With the latter account agrees the inscription on the Crotonian’s statue:

“Phaÿllos leaped full five and fifty feet,
The discus flung one hundred wanting five.”[664]

Homer briefly describes leaping among the sports of the Phæacians:

“Amphialos sprang forward with a bound,
Superior in the leap a length of ground.”[665]

To this succeeded pitching the quoit, which in the Homeric age would appear to have been practised with large stones or rude masses of iron. On ordinary occasions it has been conjectured that one discus only was used. But Odysseus, desirous of exhibiting his strength to the Phæacians, converts into a quoit the first block of stone within his reach.[666]

“Then striding forward with a furious bound
He wrenched a rocky fragment from the ground,
By far more ponderous and more large by far
Than what Phæacia’s sons discharged in air;
Fierce from his arm the enormous load he flings,
Sonorous through the shaded air it sings;
Couched to the earth, tempestuous as it flies,
The crowd gaze upwards while it cleaves the skies.
Beyond all marks, with many a giddy round,
Down rushing it upturns a hill of ground.”

The disk[667] in later times varied greatly both in shape, size, and materials. Generally it would seem to have been a cycloid, swelling in the middle and growing thin towards the edges. Sometimes it was perforated in the centre and hurled forward by a thong, and on other occasions would appear to have approached the spherical form, when it was denominated solos.[668]

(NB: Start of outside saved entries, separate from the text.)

lemma ex_fixed_C_stages:
  assumes wf: "wf_af F" and a: "a \<in> args F - Delta F S"
  shows "\<exists>X\<in>C_stages F S a. a \<in> X \<and> C_step F S a X = X"
proof -
  let ?K = "comp_in F (args F - Delta F S) a"
  \<comment> \<open>the component of a in the intersection of all stages is a stage and is stationary\<close>
  let ?I = "\<Inter>(C_stages F S a)"
  have "C_stages F S a \<noteq> {}"
    using C_stages.C_zero[of F a S] by blast
  then have X: "comp_in F ?I a \<in> C_stages F S a"
    by (blast intro: C_stages.C_lim)
  have aK: "a \<in> ?K"
    using a by (blast intro: self_mem_comp_in)
  have "?K \<subseteq> ?I"
    using comp_in_Delta_subset_C_stages[OF wf a] by blast
  then have "?K \<subseteq> comp_in F ?I a"
    by (rule comp_in_subset_comp_in[OF wf])
  then have "a \<in> comp_in F ?I a"
    using aK by blast
  moreover have "C_step F S a (comp_in F ?I a) = comp_in F ?I a"
  proof (rule subset_antisym)
    show "C_step F S a (comp_in F ?I a) \<subseteq> comp_in F ?I a"
      by (rule C_step_subset)
    have "?I \<subseteq> C_step F S a (comp_in F ?I a)"
      using C_stages.C_succ[OF X] by (rule Inter_lower)
    then show "comp_in F ?I a \<subseteq> C_step F S a (comp_in F ?I a)"
      using comp_in_subset[of F ?I a] by blast
  qed
  ultimately show ?thesis
    using X by blast
qed

lemma tfstg2_iff_comp_in_Delta:
  assumes wf: "wf_af F"
  shows "tfstg2 F S \<longleftrightarrow> conflict_free F S \<and>
    (\<forall>a\<in>args F - Delta F S. stage_ext (restrict F (comp_in F (args F - Delta F S) a))
        (S \<inter> comp_in F (args F - Delta F S) a))"
proof -
  let ?K = "comp_in F (args F - Delta F S)"
  let ?stage = "\<lambda>X. stage_ext (restrict F X) (S \<inter> X)"
  have "(\<forall>a\<in>args F. \<forall>X\<in>C_stages F S a. a \<in> X \<and> C_step F S a X = X \<longrightarrow> ?stage X)
    \<longleftrightarrow> (\<forall>a\<in>args F - Delta F S. ?stage (?K a))" (is "?L \<longleftrightarrow> ?R")
  proof
    assume L: ?L
    show ?R
    proof
      fix a assume a: "a \<in> args F - Delta F S"
      then obtain X where X: "X \<in> C_stages F S a" "a \<in> X" "C_step F S a X = X"
        using ex_fixed_C_stages[OF wf] by blast
      then have "X = ?K a"
        using C_stages_fixed_eq_comp_in_Delta(2)[OF wf] by blast
      then show "?stage (?K a)"
        using L a X by blast
    qed
  next
    assume R: ?R
    show ?L
    proof (intro ballI impI)
      fix a X assume "X \<in> C_stages F S a" and "a \<in> X \<and> C_step F S a X = X"
      then have "a \<in> args F - Delta F S" "X = ?K a"
        using C_stages_fixed_eq_comp_in_Delta[OF wf] by blast+
      then show "?stage X"
        using R by blast
    qed
  qed
  then show ?thesis
    unfolding tfstg2_def by (rule arg_cong)
qed

lemma SCC_restrict: "B \<subseteq> args F \<Longrightarrow> SCC (restrict F B) a = comp_in F B a"
  by (simp add: SCC_def comp_in_restrict args_restrict Int_absorb2)

lemma SCC_subset: "SCC G a \<subseteq> args G"
  using comp_in_subset[of G "args G" a] by (simp add: SCC_def)

lemma self_mem_SCC: "a \<in> args G \<Longrightarrow> a \<in> SCC G a"
  by (simp add: SCC_def self_mem_comp_in)

lemma SCC_eq: "b \<in> SCC G a \<Longrightarrow> SCC G b = SCC G a"
  by (simp add: SCC_def comp_in_eq)

lemma SCC_sym: "b \<in> SCC G a \<Longrightarrow> a \<in> SCC G b"
  by (simp add: SCC_def mem_comp_in_iff)

lemma SCC_eq_or_disjoint: "SCC G a = SCC G b \<or> SCC G a \<inter> SCC G b = {}"
proof (rule disjCI)
  assume "SCC G a \<inter> SCC G b \<noteq> {}"
  then obtain c where "c \<in> SCC G a" "c \<in> SCC G b"
    by blast
  then show "SCC G a = SCC G b"
    using SCC_eq by metis
qed

lemma mem_SCC_swap: "b \<in> SCC G a \<Longrightarrow> b \<in> SCC G c \<longleftrightarrow> c \<in> SCC G a"
  by (metis SCC_eq SCC_sym)

lemma args_scc_split: "args (scc_split G) = args G"
  by (simp add: scc_split_def args_def)

lemma att_scc_split: "(a, b) \<in> att (scc_split G) \<longleftrightarrow> (a, b) \<in> att G \<and> b \<in> SCC G a"
  by (simp add: scc_split_def att_def)

lemma att_scc_split_iff_att_restrict_SCC:
  assumes "a \<in> args G"
  shows "(a, b) \<in> att (scc_split G) \<longleftrightarrow> (\<exists>x\<in>args G. (a, b) \<in> att (restrict G (SCC G x)))"
proof
  assume "(a, b) \<in> att (scc_split G)"
  then show "\<exists>x\<in>args G. (a, b) \<in> att (restrict G (SCC G x))"
    using assms self_mem_SCC[OF assms] by (auto simp: att_scc_split att_restrict)
next
  assume "\<exists>x\<in>args G. (a, b) \<in> att (restrict G (SCC G x))"
  then obtain x where "(a, b) \<in> att G" "a \<in> SCC G x" "b \<in> SCC G x"
    by (auto simp: att_restrict)
  then show "(a, b) \<in> att (scc_split G)"
    using mem_SCC_swap[of b G x a] by (simp add: att_scc_split)
qed

lemma conflict_free_scc_split_iff:
  "conflict_free (scc_split G) T \<longleftrightarrow>
     T \<subseteq> args G \<and> (\<forall>x\<in>args G. conflict_free (restrict G (SCC G x)) (T \<inter> SCC G x))"
proof
  assume cf: "conflict_free (scc_split G) T"
  then have T: "T \<subseteq> args G"
    by (simp add: conflict_free_def args_scc_split)
  have "conflict_free (restrict G (SCC G x)) (T \<inter> SCC G x)" if x: "x \<in> args G" for x
    unfolding conflict_free_def args_restrict
  proof (intro conjI ballI)
    show "T \<inter> SCC G x \<subseteq> args G \<inter> SCC G x"
      using T by blast
    fix a b assume "a \<in> T \<inter> SCC G x" "b \<in> T \<inter> SCC G x"
    then show "(a, b) \<notin> att (restrict G (SCC G x))"
      using cf att_scc_split_iff_att_restrict_SCC[of a G b] T x
      unfolding conflict_free_def by blast
  qed
  with T show "T \<subseteq> args G \<and> (\<forall>x\<in>args G. conflict_free (restrict G (SCC G x)) (T \<inter> SCC G x))"
    by blast
next
  assume local: "T \<subseteq> args G \<and> (\<forall>x\<in>args G. conflict_free (restrict G (SCC G x)) (T \<inter> SCC G x))"
  show "conflict_free (scc_split G) T"
    unfolding conflict_free_def args_scc_split
  proof (intro conjI ballI notI)
    show "T \<subseteq> args G"
      using local by blast
    fix a b assume ab: "a \<in> T" "b \<in> T" "(a, b) \<in> att (scc_split G)"
    then obtain x where x: "x \<in> args G" "(a, b) \<in> att (restrict G (SCC G x))"
      using att_scc_split_iff_att_restrict_SCC[of a G b] local by blast
    then have "a \<in> SCC G x" "b \<in> SCC G x"
      by (simp_all add: att_restrict)
    then show False
      using local x ab unfolding conflict_free_def by blast
  qed
qed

Other of these exercises were shooting with the bow at wisps of straw stuck upon a pole,[669] and darting the javelin, sometimes with the naked hand and sometimes with a thong wound about the centre of the weapon. In the stadium at Olympia, the area within which the pentathli leaped, pitched the quoit, and hurled the javelin, appears to have been marked out by two parallel trenches: but if these existed likewise in the gymnasia, they must have been extremely shallow, as we find in Antiphon[670] a boy meeting with his death by inconsiderately running across the area while the youths were engaged in this exercise. Instead of throwing for the furthest, they would seem, from the expressions of the orator, to have aimed at a mark.

Wrestling[671] consisted of two kinds, the first, called Orthopale, was that style, still commonly in use, in which the antagonists, throwing their arms about each other’s body, endeavoured to bring him to the ground. In the other, called Anaclinopale, the wrestler who distrusted his own strength but had confidence in his courage and powers of endurance, voluntarily flung himself upon the ground, bringing his adversary along with him, and then by pinching, scratching, biting, and every other species of annoyance, sought to compel him to yield.

An example of wrestling in both its forms occurs in Homer, where Ajax Telamon and Odysseus contend in the funeral games for the prize.[672]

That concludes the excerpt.